Small Incision Lenticule Extraction has become increasingly popular for the treatment of refractive errors. Today, more than 2 million SMILE surgeries for myopia and myopic astigmatism have been performed worldwide. In myopic SMILE, an intrastromal lenticule is created by the VisuMax femtosecond laser (Carl Zeiss Meditec), dissected, and then subsequently removed through a small incision. At this point, the lenticule is deemed to have served its useful purpose and is typically thrown away after surgery. That equates to 2 million discarded lenticules, which is a lot of wasted tissue.

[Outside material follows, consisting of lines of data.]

(* Let $\mathbb{R}^n$ carry a norm $\|\cdot\|$, $Q\subseteq\mathbb{R}^n$ closed convex, $f:Q\to\mathbb{R}$ convex, continuous, differentiable with $\|\nabla f(x)-\nabla f(y)\|_*\le L\|x-y\|$ on $Q$, $h$ convex on $Q$, and let $F=f+h$ attain its minimum over $Q$ at $x_*$. Let $d$ be a prox-function with Bregman divergence $V$, $x_0\in Q$, $V(x_*,x_0)\le R^2$. Suppose only a $(\delta,L)$-oracle for $f$ is available and run the mirror triangle method with inexact $(\delta,L)$-oracle (see context) with starting point $x_0$, $N\ge1$ steps, the value $\delta$, and $0<L_0\le L$. Then $$F(x_N)-F(x_* )\le\frac{8LR^2}{(N+1)^2}+2N\delta.$$
   Context: $\|\lambda\|_*=\max_{\|\nu\|\le1}\langle\lambda,\nu\rangle$. Prox-function: continuously differentiable $d:Q\to\mathbb{R}$, $1$-strongly convex w.r.t. $\|\cdot\|$; $V(x,y)=d(x)-d(y)-\langle\nabla d(y),x-y\rangle$. A $(\delta,L)$-oracle returns for each query point $y\in Q$ a pair $(f_\delta(y),\nabla f_\delta(y))\in\mathbb{R}\times\mathbb{R}^n$ with $0\le f(x)-f_\delta(y)-\langle\nabla f_\delta(y),x-y\rangle\le\frac L2\|x-y\|^2+\delta$ for all $x\in Q$. Method: $y_0=u_0=x_0$, $L_1=L_0/2$, $\alpha_0=A_0=0$. Step $k+1$ ($k=0,\dots,N-1$) with current $L_{k+1}$: (i) $\alpha_{k+1}$ is the largest root of $A_k+\alpha=L_{k+1}\alpha^2$, $A_{k+1}=A_k+\alpha_{k+1}$; (ii) $y_{k+1}=(\alpha_{k+1}u_k+A_kx_k)/A_{k+1}$; (iii) $u_{k+1}=\arg\min_{x\in Q}\{V(x,u_k)+\alpha_{k+1}(f_\delta(y_{k+1})+\langle\nabla f_\delta(y_{k+1}),x-y_{k+1}\rangle+h(x))\}$; (iv) $x_{k+1}=(\alpha_{k+1}u_{k+1}+A_kx_k)/A_{k+1}$; (v) if $f_\delta(x_{k+1})\le f_\delta(y_{k+1})+\langle\nabla f_\delta(y_{k+1}),x_{k+1}-y_{k+1}\rangle+\frac{L_{k+1}}2\|x_{k+1}-y_{k+1}\|^2+\delta$, set $L_{k+2}=L_{k+1}/2$ and go to the next step; otherwise replace $L_{k+1}$ by $2L_{k+1}$ and repeat step $k+1$ from (i). *)

theory Defs
  imports "HOL-Analysis.Analysis"
begin

definition is_norm :: "('a::real_vector \<Rightarrow> real) \<Rightarrow> bool" where
  "is_norm nrm \<longleftrightarrow> (\<forall>x. nrm x = 0 \<longleftrightarrow> x = 0) \<and> (\<forall>c x. nrm (c *\<^sub>R x) = \<bar>c\<bar> * nrm x)
     \<and> (\<forall>x y. nrm (x + y) \<le> nrm x + nrm y)"

definition dual_norm :: "('a::real_inner \<Rightarrow> real) \<Rightarrow> 'a \<Rightarrow> real" where
  "dual_norm nrm l = (SUP v\<in>{v. nrm v \<le> 1}. inner l v)"

definition strongly_convex_wrt :: "('a::real_vector \<Rightarrow> real) \<Rightarrow> 'a set \<Rightarrow> ('a \<Rightarrow> real) \<Rightarrow> bool" where
  "strongly_convex_wrt nrm Q d \<longleftrightarrow> (\<forall>x\<in>Q. \<forall>y\<in>Q. \<forall>t::real. 0 \<le> t \<and> t \<le> 1 \<longrightarrow>
      d (t *\<^sub>R x + (1 - t) *\<^sub>R y) \<le> t * d x + (1 - t) * d y - t * (1 - t) / 2 * (nrm (x - y))\<^sup>2)"

definition prox_function :: "('a::real_inner \<Rightarrow> real) \<Rightarrow> 'a set \<Rightarrow> ('a \<Rightarrow> real) \<Rightarrow> ('a \<Rightarrow> 'a) \<Rightarrow> bool" where
  "prox_function nrm Q d gd \<longleftrightarrow>
     (\<forall>y\<in>Q. (d has_derivative (\<lambda>v. inner (gd y) v)) (at y within Q))
     \<and> continuous_on Q gd \<and> strongly_convex_wrt nrm Q d"

definition bregman :: "('a::real_inner \<Rightarrow> real) \<Rightarrow> ('a \<Rightarrow> 'a) \<Rightarrow> 'a \<Rightarrow> 'a \<Rightarrow> real" where
  "bregman d gd x y = d x - d y - inner (gd y) (x - y)"

definition dL_oracle :: "('a::real_inner \<Rightarrow> real) \<Rightarrow> 'a set \<Rightarrow> ('a \<Rightarrow> real) \<Rightarrow> real \<Rightarrow> real
    \<Rightarrow> ('a \<Rightarrow> real) \<Rightarrow> ('a \<Rightarrow> 'a) \<Rightarrow> bool" where
  "dL_oracle nrm Q f \<delta> L fd gfd \<longleftrightarrow> (\<forall>y\<in>Q. \<forall>x\<in>Q.
      0 \<le> f x - fd y - inner (gfd y) (x - y) \<and>
      f x - fd y - inner (gfd y) (x - y) \<le> L / 2 * (nrm (x - y))\<^sup>2 + \<delta>)"

text \<open>One trial of step k+1 (items (i)-(iv)) with trial constant Lt, from state (Ak, xk, uk),
  producing alpha, A', y, u', x'.  V = Bregman divergence.\<close>
definition mtm_trial :: "'a set \<Rightarrow> ('a::real_inner \<Rightarrow> 'a \<Rightarrow> real) \<Rightarrow> ('a \<Rightarrow> real) \<Rightarrow> ('a \<Rightarrow> 'a)
    \<Rightarrow> ('a \<Rightarrow> real) \<Rightarrow> real \<Rightarrow> 'a \<Rightarrow> 'a \<Rightarrow> real
    \<Rightarrow> real \<Rightarrow> real \<Rightarrow> 'a \<Rightarrow> 'a \<Rightarrow> 'a \<Rightarrow> bool" where
  "mtm_trial Q V fd gfd h Ak xk uk Lt \<alpha> A' y u' x' \<longleftrightarrow>
     (Ak + \<alpha> = Lt * \<alpha>\<^sup>2 \<and> (\<forall>\<beta>. Ak + \<beta> = Lt * \<beta>\<^sup>2 \<longrightarrow> \<beta> \<le> \<alpha>))
     \<and> A' = Ak + \<alpha>
     \<and> y = (1 / A') *\<^sub>R (\<alpha> *\<^sub>R uk + Ak *\<^sub>R xk)
     \<and> u' \<in> Q
     \<and> (\<forall>z\<in>Q. V u' uk + \<alpha> * (fd y + inner (gfd y) (u' - y) + h u')
               \<le> V z uk + \<alpha> * (fd y + inner (gfd y) (z - y) + h z))
     \<and> x' = (1 / A') *\<^sub>R (\<alpha> *\<^sub>R u' + Ak *\<^sub>R xk)"

definition mtm_accept :: "('a::real_inner \<Rightarrow> real) \<Rightarrow> ('a \<Rightarrow> real) \<Rightarrow> ('a \<Rightarrow> 'a) \<Rightarrow> real \<Rightarrow> real
    \<Rightarrow> 'a \<Rightarrow> 'a \<Rightarrow> bool" where
  "mtm_accept nrm fd gfd \<delta> Lt y x' \<longleftrightarrow>
     fd x' \<le> fd y + inner (gfd y) (x' - y) + Lt / 2 * (nrm (x' - y))\<^sup>2 + \<delta>"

In recent years, a number of researchers, including our own team in Italy, have been investigating whether it might be feasible to make better use of the discarded lenticules. In theory, the lenticules obtained from donor corneas could be used to insert tissue into a pathological cornea in order to potentially treat conditions such as hyperopia, presbyopia, keratoconus, ectasia, and certain corneal dystrophies.

FIRST STEPS

In 2012, the initial feasibility studies in animal models, conducted by Jodhbir S. Mehta, BSc(Hons), MBBS, FRCOphth, FRCS(Ed), FAMS, and colleagues at the Singapore National Eye Institute, demonstrated that lenticules could be successfully cryopreserved and re-implanted in animals with a high degree of safety.¹ The results led some to hypothesize that lenticules could be reused to correct refractive errors in other eyes, and preliminary reports were published on the implantation of myopic lenticules to treat hyperopia and presbyopia.^2-4

The work at our research center in Italy has focused primarily on the possibility of using implanted lenticules to reshape and stabilize the corneas in eyes with progressive keratoconus. The basic idea is to implant the lenticules intrastromally in order to improve the geometrical quality of pathological corneas affected by keratoconus (Figure 1).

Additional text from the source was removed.